→ EXERCISE GOAL: Please return the lines below verbatim, beginning at the one that has "define \<eta> where" and stopping after the one that has "(\<Sum>q\<in>cycles ?M (configs", and add no other lines.
[RAW DATA Boundary: Start]
lemma le_double_mult_div:
  fixes m n :: nat
  assumes "0 < n" and "n \<le> m"
  shows "m \<le> 2 * (n * (m div n))"
proof -
  have "0 < m div n" using assms by (simp add: div_greater_zero_iff)
  then have "n \<le> n * (m div n)" by simp
  moreover have "m = n * (m div n) + m mod n" by simp
  moreover have "m mod n < n" using assms(1) by simp
  ultimately show ?thesis by linarith
qed

lemma timer_run_bounds:
  assumes timer: "is_timer N t \<delta> T" and "0 < t" and "2 * t \<le> T"
  shows "1 - \<delta> \<le> measure_pmf.prob (traj N (\<lambda>i. i = 0) T) {h. \<forall>j\<in>{1..t}. h j (outp N)}"
    and "measure_pmf.prob (traj N (\<lambda>i. i = 0) T) {h. \<forall>j\<in>{1..2 * t}. h j (outp N)} \<le> \<delta>"
proof -
  let ?X = "\<lambda>i::nat. i = 0" and ?y = "outp N"
  let ?p = "traj N ?X T"
  have first: "\<forall>X \<tau>. X \<tau> \<longrightarrow> \<tau> + t \<le> T \<longrightarrow>
      1 - \<delta> \<le> measure_pmf.prob (traj N X T) {h. \<forall>i\<in>{1..t}. h (\<tau> + i) ?y}"
    and second: "\<forall>X. 1 - \<delta> \<le> measure_pmf.prob (traj N X T)
      {h. \<forall>\<tau>'\<le>T. \<forall>l\<le>\<tau>'. X l \<and> (\<forall>i. l < i \<and> i \<le> \<tau>' \<longrightarrow> \<not> X i) \<and> 2 * t \<le> \<tau>' - l
           \<longrightarrow> \<not> h \<tau>' ?y}"
    using timer unfolding is_timer_def by blast+
  show "1 - \<delta> \<le> measure_pmf.prob ?p {h. \<forall>j\<in>{1..t}. h j ?y}"
    using spec[OF spec[OF first, of ?X], of 0] assms(3) by simp
  let ?A = "{h. \<forall>j\<in>{1..2 * t}. h j ?y}"
  let ?B = "{h. \<forall>\<tau>'\<le>T. \<forall>l\<le>\<tau>'. ?X l \<and> (\<forall>i. l < i \<and> i \<le> \<tau>' \<longrightarrow> \<not> ?X i) \<and> 2 * t \<le> \<tau>' - l
             \<longrightarrow> \<not> h \<tau>' ?y}"
  have "1 - \<delta> \<le> measure_pmf.prob ?p ?B" by (rule spec[OF second])
  moreover have "?A \<inter> ?B = {}"
  proof (intro equals0I)
    fix h assume h: "h \<in> ?A \<inter> ?B"
    then have "h (2 * t) ?y" using \<open>0 < t\<close> by auto
    moreover have "?X 0 \<and> (\<forall>i. 0 < i \<and> i \<le> 2 * t \<longrightarrow> \<not> ?X i) \<and> 2 * t \<le> 2 * t - 0
        \<longrightarrow> \<not> h (2 * t) ?y"
      using h assms(3) by simp
    ultimately show False by simp
  qed
  then have "measure_pmf.prob ?p ?A + measure_pmf.prob ?p ?B = measure_pmf.prob ?p (?A \<union> ?B)"
    by (simp add: measure_pmf.finite_measure_Union)
  moreover have "measure_pmf.prob ?p (?A \<union> ?B) \<le> 1" by simp
  ultimately show "measure_pmf.prob ?p ?A \<le> \<delta>" by linarith
qed

lemma timer_delta_ge:
  assumes timer: "is_timer N t \<delta> T" and "2 * t \<le> T" and "\<delta> < 1 / 2"
    and "card (configs N) \<le> t"
  shows "(1 / (2 * (real (card (configs N)) + 1) ^ 3)) ^ (4 * card (configs N) + 1) \<le> \<delta>"
proof -
  let ?M = "card (configs N)" and ?s0 = "init_state N True" and ?X = "\<lambda>i::nat. i = 0"
  define g where "g = t div ?M"
  let ?F = "\<lambda>(i, i', s). firing_weight N (i * g) ?s0 s * firing_weight N ((i' - i) * g) s s"
  define \<eta> where "\<eta> = 1 / (2 * (real ?M + 1) ^ 3)"
  have wf: "wf_snn N" using timer by (simp add: is_timer_def)
  have silent: "\<And>i. 0 < i \<Longrightarrow> \<not> ?X i" by simp
  have fin: "finite (configs N)" using wf by (simp add: wf_snn_def finite_configs)
  have s0: "?s0 \<in> configs N" using wf by (auto simp: configs_def init_state_def wf_snn_def)
  then have "0 < ?M" using fin card_gt_0_iff by blast
  then have "0 < t" and Mg: "?M * g \<le> t" and t2: "2 * t \<le> 4 * ?M * g"
    using assms(4) le_double_mult_div[of ?M t] by (auto simp: g_def)
  have "real (card (cycles ?M (configs N))) \<le> real ((?M + 1) ^ 3)"
    using card_cycles_le[OF fin order.refl] by (simp only: of_nat_le_iff)
  also have "\<dots> = (real ?M + 1) ^ 3" by (simp add: add.commute)
  finally have "real (card (cycles ?M (configs N))) \<le> (real ?M + 1) ^ 3" .
  then have "real (card (cycles ?M (configs N))) * \<eta> \<le> (real ?M + 1) ^ 3 * \<eta>"
    by (rule mult_right_mono) (simp add: \<eta>_def)
  also have "\<dots> < 1 - \<delta>" using assms(3) by (simp add: \<eta>_def)
  also have "\<dots> \<le> measure_pmf.prob (traj N ?X T) {h. \<forall>j\<in>{1..t}. h j (outp N)}"
    using timer_run_bounds(1)[OF timer \<open>0 < t\<close> assms(2)] by simp
  also have "\<dots> \<le> (\<Sum>q\<in>cycles ?M (configs N). ?F q)"
    using prob_run_le_sum_cycles[where X="?X" and T=T, OF wf silent Mg] assms(2) by simp
  finally obtain i i' s where "(i, i', s) \<in> cycles ?M (configs N)" and large: "\<eta> \<le> ?F (i, i', s)"
    by (auto dest: ex_ge_of_sum_gt)
  then have "i < i'" and s: "s \<in> configs N" by (auto simp: cycles_def)
  then have "1 \<le> i' - i" by linarith
  then have "g \<le> (i' - i) * g" by simp
  then have "4 * ?M * g \<le> 4 * ?M * ((i' - i) * g)" by (rule mult_le_mono2)
  then have "2 * t \<le> i * g + 4 * ?M * ((i' - i) * g)" using t2 by linarith
  then have "\<eta> ^ (4 * ?M + 1) \<le> (\<Sum>u\<in>configs N. firing_weight N (2 * t) ?s0 u)"
    using large by (intro sum_path_weight_ge_cycle_power[OF fin s0 s]) (simp_all add: \<eta>_def)
  also have "\<dots> \<le> \<delta>"
    using timer_run_bounds(2)[OF timer \<open>0 < t\<close> assms(2)]
      prob_run[where X="?X", OF wf silent assms(2)]
    by simp
  finally show ?thesis unfolding \<eta>_def .
qed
[RAW DATA Boundary: End]
→ RESULT:
  define \<eta> where "\<eta> = 1 / (2 * (real ?M + 1) ^ 3)"
  have wf: "wf_snn N" using timer by (simp add: is_timer_def)
  have silent: "\<And>i. 0 < i \<Longrightarrow> \<not> ?X i" by simp
  have fin: "finite (configs N)" using wf by (simp add: wf_snn_def finite_configs)
  have s0: "?s0 \<in> configs N" using wf by (auto simp: configs_def init_state_def wf_snn_def)
  then have "0 < ?M" using fin card_gt_0_iff by blast
  then have "0 < t" and Mg: "?M * g \<le> t" and t2: "2 * t \<le> 4 * ?M * g"
    using assms(4) le_double_mult_div[of ?M t] by (auto simp: g_def)
  have "real (card (cycles ?M (configs N))) \<le> real ((?M + 1) ^ 3)"
    using card_cycles_le[OF fin order.refl] by (simp only: of_nat_le_iff)
  also have "\<dots> = (real ?M + 1) ^ 3" by (simp add: add.commute)
  finally have "real (card (cycles ?M (configs N))) \<le> (real ?M + 1) ^ 3" .
  then have "real (card (cycles ?M (configs N))) * \<eta> \<le> (real ?M + 1) ^ 3 * \<eta>"
    by (rule mult_right_mono) (simp add: \<eta>_def)
  also have "\<dots> < 1 - \<delta>" using assms(3) by (simp add: \<eta>_def)
  also have "\<dots> \<le> measure_pmf.prob (traj N ?X T) {h. \<forall>j\<in>{1..t}. h j (outp N)}"
    using timer_run_bounds(1)[OF timer \<open>0 < t\<close> assms(2)] by simp
  also have "\<dots> \<le> (\<Sum>q\<in>cycles ?M (configs N). ?F q)"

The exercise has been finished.